» **GIVEN RECORDS**:
lemma ml_term_bound:
  assumes e: "e \<ge> 1" and s: "s \<ge> 0" and t: "0 \<le> t" "t \<le> R"
  shows "\<bar>c^k * d^n * real ((k + n) choose n) * power_kernel (s + (real k + e * real n)) t\<bar>
          \<le> exp 2 * exp (ml_rate c d * R) * (2 * \<bar>c\<bar> / ml_rate c d)^k * (2 * \<bar>d\<bar> / ml_rate c d)^n"
proof -
  define l where "l = ml_rate c d"
  define p where "p = s + (real k + e * real n)"
  have l: "l \<ge> 1" unfolding l_def ml_rate_def by simp
  have p: "p \<ge> 0" using e s unfolding p_def by simp
  have binomial: "real ((k + n) choose n) \<le> 2^k * 2^n"
    using of_nat_mono[OF binomial_le_pow2[of "k + n" n]] by (simp add: power_add)
  have "l^k * l^n = l powr (real k + real n)"
    using l by (simp add: powr_add powr_realpow)
  also have "\<dots> \<le> l powr p"
    using l s mult_right_mono[OF e, of "real n"] unfolding p_def by (intro powr_mono) auto
  finally have lp: "l^k * l^n \<le> l powr p" .
  have "power_kernel p t \<le> exp 2 * exp (l * t) / l powr p"
    using power_kernel_le_exp[OF t(1) p, of l] l by simp
  also have "\<dots> \<le> exp 2 * exp (l * R) / (l^k * l^n)"
    using l t lp by (intro frac_le) auto
  finally have kernel_bound: "power_kernel p t \<le> exp 2 * exp (l * R) / (l^k * l^n)" .
  have "\<bar>c^k * d^n * real ((k + n) choose n) * power_kernel p t\<bar>
      = \<bar>c\<bar>^k * \<bar>d\<bar>^n * real ((k + n) choose n) * power_kernel p t"
    using power_kernel_nonneg[OF p] by (simp add: abs_mult power_abs)
  also have "\<dots> \<le> \<bar>c\<bar>^k * \<bar>d\<bar>^n * (2^k * 2^n) * (exp 2 * exp (l * R) / (l^k * l^n))"
    using binomial kernel_bound power_kernel_nonneg[OF p] by (intro mult_mono) auto
  also have "\<dots> = exp 2 * exp (l * R) * (2 * \<bar>c\<bar> / l)^k * (2 * \<bar>d\<bar> / l)^n"
    using l by (simp add: field_simps power_mult_distrib power_divide)
  finally show ?thesis unfolding l_def p_def .
qed
(* The class $\mathbf{RMM}$ is not closed under homomorphisms: there exist a finite alphabet $\Sigma$, a language $L\in\mathbf{RMM}$ over $\Sigma$, and a monoid homomorphism $h:\Sigma^*\to\Sigma^*$ such that $h(L)\notin\mathbf{RMM}$.
   Context: A measure-many quantum finite automaton (MM-QFA) over a finite alphabet $\Sigma$ is a tuple $M=(Q,\Sigma,\{U_\sigma\}_{\sigma\in\Sigma\cup\{\$\}},q_0,Q_{acc},Q_{rej})$, where $Q$ is a finite set of states indexing an orthonormal basis of $\mathbb{C}^Q$, $\$\notin\Sigma$ is an end-marker, each $U_\sigma$ is unitary, $q_0$ is the initial state, and $Q$ is partitioned into $Q_{acc}$, $Q_{rej}$ and non-halting states $Q_{non}$, with orthogonal projections $P_{acc},P_{rej},P_{non}$ onto the corresponding spans. On input $x\in\Sigma^*$ it processes the symbols of $x\$$, maintaining $(\psi,p_{acc},p_{rej})$ initialised to $(|q_0\rangle,0,0)$: on reading $\sigma$, $\psi'=U_\sigma\psi$, $p_{acc}\mathrel{+}=\|P_{acc}\psi'\|^2$, $p_{rej}\mathrel{+}=\|P_{rej}\psi'\|^2$, $\psi\leftarrow P_{non}\psi'$. The acceptance probability $p_M(x)$ is the final $p_{acc}$. $M$ accepts $L$ with bounded error if for some $\lambda$ and $\epsilon>0$, $p_M(x)>\lambda+\epsilon$ for $x\in L$ and $p_M(x)<\lambda-\epsilon$ for $x\notin L$. $\mathbf{RMM}$ is the class of languages accepted by some MM-QFA with bounded error. *)

theory Defs
  imports Complex_Main
begin

text \<open>The state set Q is represented as
  {0..<n}; states are basis indices, a state vector is a function nat => complex
  (only the entries below n matter), and a matrix is nat => nat => complex.
  Input symbols are Some sigma for sigma in Sigma; the end-marker is None.\<close>

definition unitary_mat :: "nat \<Rightarrow> (nat \<Rightarrow> nat \<Rightarrow> complex) \<Rightarrow> bool" where
  "unitary_mat n U \<longleftrightarrow>
     (\<forall>i<n. \<forall>j<n. (\<Sum>k<n. cnj (U k i) * U k j) = (if i = j then 1 else 0))"

definition mat_apply :: "nat \<Rightarrow> (nat \<Rightarrow> nat \<Rightarrow> complex) \<Rightarrow> (nat \<Rightarrow> complex) \<Rightarrow> (nat \<Rightarrow> complex)" where
  "mat_apply n U \<psi> = (\<lambda>i. if i < n then (\<Sum>j<n. U i j * \<psi> j) else 0)"
definition pre_run :: "'tr set \<Rightarrow> (real \<Rightarrow> 'tr st) \<Rightarrow> bool" where
  "pre_run T R \<longleftrightarrow>
     (\<forall>\<tau>>0. \<exists>S. finite S \<and>
        (\<forall>u v. u < v \<and> {u..v} \<subseteq> {0..\<tau>} - S \<longrightarrow> rho T R u = rho T R v))"

definition fires :: "'tr set \<Rightarrow> real \<Rightarrow> real \<Rightarrow> (real \<Rightarrow> 'tr st) \<Rightarrow> agent \<Rightarrow> real \<Rightarrow> bool" where
  "fires T dopen W R A t \<longleftrightarrow>
     (\<exists>v. right_val (rho T R) t v \<and> v \<noteq> rho T R t \<and>
          (\<exists>M. A \<in> M \<and> v = rst T (exec T dopen W M (R t) t)))"

definition is_run :: "'tr set \<Rightarrow> real \<Rightarrow> real \<Rightarrow> (real \<Rightarrow> 'tr st) \<Rightarrow> bool" where
  "is_run T dopen W R \<longleftrightarrow> pre_run T R \<and>
     (\<forall>t\<ge>0. \<forall>v. right_val (rho T R) t v \<and> v \<noteq> rho T R t \<longrightarrow>
        (\<exists>M. v = rst T (exec T dopen W M (R t) t)) \<and>
        TrackStatus v = TrackStatus (rho T R t)) \<and>
     (\<forall>t>0. \<forall>v. left_val (rho T R) t v \<and> v \<noteq> rho T R t \<longrightarrow>
        Deadline v = Deadline (rho T R t) \<and> Dir v = Dir (rho T R t) \<and>
        GateStatus v = GateStatus (rho T R t))"

definition immediate :: "'tr set \<Rightarrow> real \<Rightarrow> real \<Rightarrow> (real \<Rightarrow> 'tr st) \<Rightarrow> agent \<Rightarrow> bool" where
  "immediate T dopen W R A \<longleftrightarrow>
     (\<forall>t\<ge>0. enabled T dopen W A (R t) t \<longrightarrow> fires T dopen W R A t)"

definition bounded :: "'tr set \<Rightarrow> real \<Rightarrow> real \<Rightarrow> (real \<Rightarrow> 'tr st) \<Rightarrow> agent \<Rightarrow> bool" where
  "bounded T dopen W R A \<longleftrightarrow> immediate T dopen W R A \<or>
     (\<exists>b>0. \<not> (\<exists>t\<ge>0. (\<forall>u. t < u \<and> u < t + b \<longrightarrow> enabled T dopen W A (R u) u) \<and>
                      (\<forall>u. t < u \<and> u < t + b \<longrightarrow> \<not> fires T dopen W R A u)))"

definition initial_state :: "'tr set \<Rightarrow> 'tr st \<Rightarrow> bool" where
  "initial_state T s \<longleftrightarrow> (\<forall>x\<in>T. TrackStatus s x = Empty \<and> Deadline s x = Infty)"

definition train_phase :: "real \<Rightarrow> real \<Rightarrow> (real \<Rightarrow> tstat) \<Rightarrow> (nat \<Rightarrow> real) \<Rightarrow> nat \<Rightarrow> bool" where
  "train_phase dmin dmax f ts i \<longleftrightarrow>
     (\<forall>u. ts (3*i) \<le> u \<and> u < ts (3*i+1) \<longrightarrow> f u = Empty) \<and>
     (\<forall>u. ts (3*i+1) \<le> u \<and> u < ts (3*i+2) \<longrightarrow> f u = Coming) \<and>
     dmin \<le> ts (3*i+2) - ts (3*i+1) \<and> ts (3*i+2) - ts (3*i+1) \<le> dmax \<and>
     (\<forall>u. ts (3*i+2) \<le> u \<and> u < ts (3*i+3) \<longrightarrow> f u = InCrossing)"

definition train_motion :: "real \<Rightarrow> real \<Rightarrow> (real \<Rightarrow> tstat) \<Rightarrow> bool" where
  "train_motion dmin dmax f \<longleftrightarrow> (\<exists>ts. ts 0 = 0 \<and>
     ((\<forall>n. ts n < ts (Suc n)) \<and> (\<forall>i. train_phase dmin dmax f ts i)
      \<or>
      (\<exists>k. 3 dvd k \<and> (\<forall>n<k. ts n < ts (Suc n)) \<and>
           (\<forall>i. 3*i+3 \<le> k \<longrightarrow> train_phase dmin dmax f ts i) \<and>
           (\<forall>u. ts k \<le> u \<longrightarrow> f u = Empty))))"

definition regular_run ::
  "'tr set \<Rightarrow> real \<Rightarrow> real \<Rightarrow> real \<Rightarrow> real \<Rightarrow> (real \<Rightarrow> 'tr st) \<Rightarrow> bool" where
  "regular_run T dclose dopen dmin dmax R \<longleftrightarrow>
     (let W = dmin - dclose in
      is_run T dopen W R \<and> initial_state T (R 0) \<and>
      (\<forall>x\<in>T. train_motion dmin dmax (\<lambda>u. TrackStatus (R u) x)) \<and>
      immediate T dopen W R Controller \<and>
      bounded T dopen W R Gate \<and>
      \<not> (\<exists>t\<ge>0. \<forall>u. t < u \<and> u < t + dclose \<longrightarrow>
             Dir (R u) = Close \<and> GateStatus (R u) = Opened) \<and>
      \<not> (\<exists>t\<ge>0. \<forall>u. t < u \<and> u < t + dopen \<longrightarrow>
             Dir (R u) = Open \<and> GateStatus (R u) = Closed))"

» **WORK INSTRUCTIONS**:
Only one stretch of the records above is wanted: the lines between the one holding "define p where" and the one holding "using l s mult_right_mono[OF", inclusive, reproduced exactly.

» **RESPONSE TO THIS TASK**:
  define p where "p = s + (real k + e * real n)"
  have l: "l \<ge> 1" unfolding l_def ml_rate_def by simp
  have p: "p \<ge> 0" using e s unfolding p_def by simp
  have binomial: "real ((k + n) choose n) \<le> 2^k * 2^n"
    using of_nat_mono[OF binomial_le_pow2[of "k + n" n]] by (simp add: power_add)
  have "l^k * l^n = l powr (real k + real n)"
    using l by (simp add: powr_add powr_realpow)
  also have "\<dots> \<le> l powr p"
    using l s mult_right_mono[OF e, of "real n"] unfolding p_def by (intro powr_mono) auto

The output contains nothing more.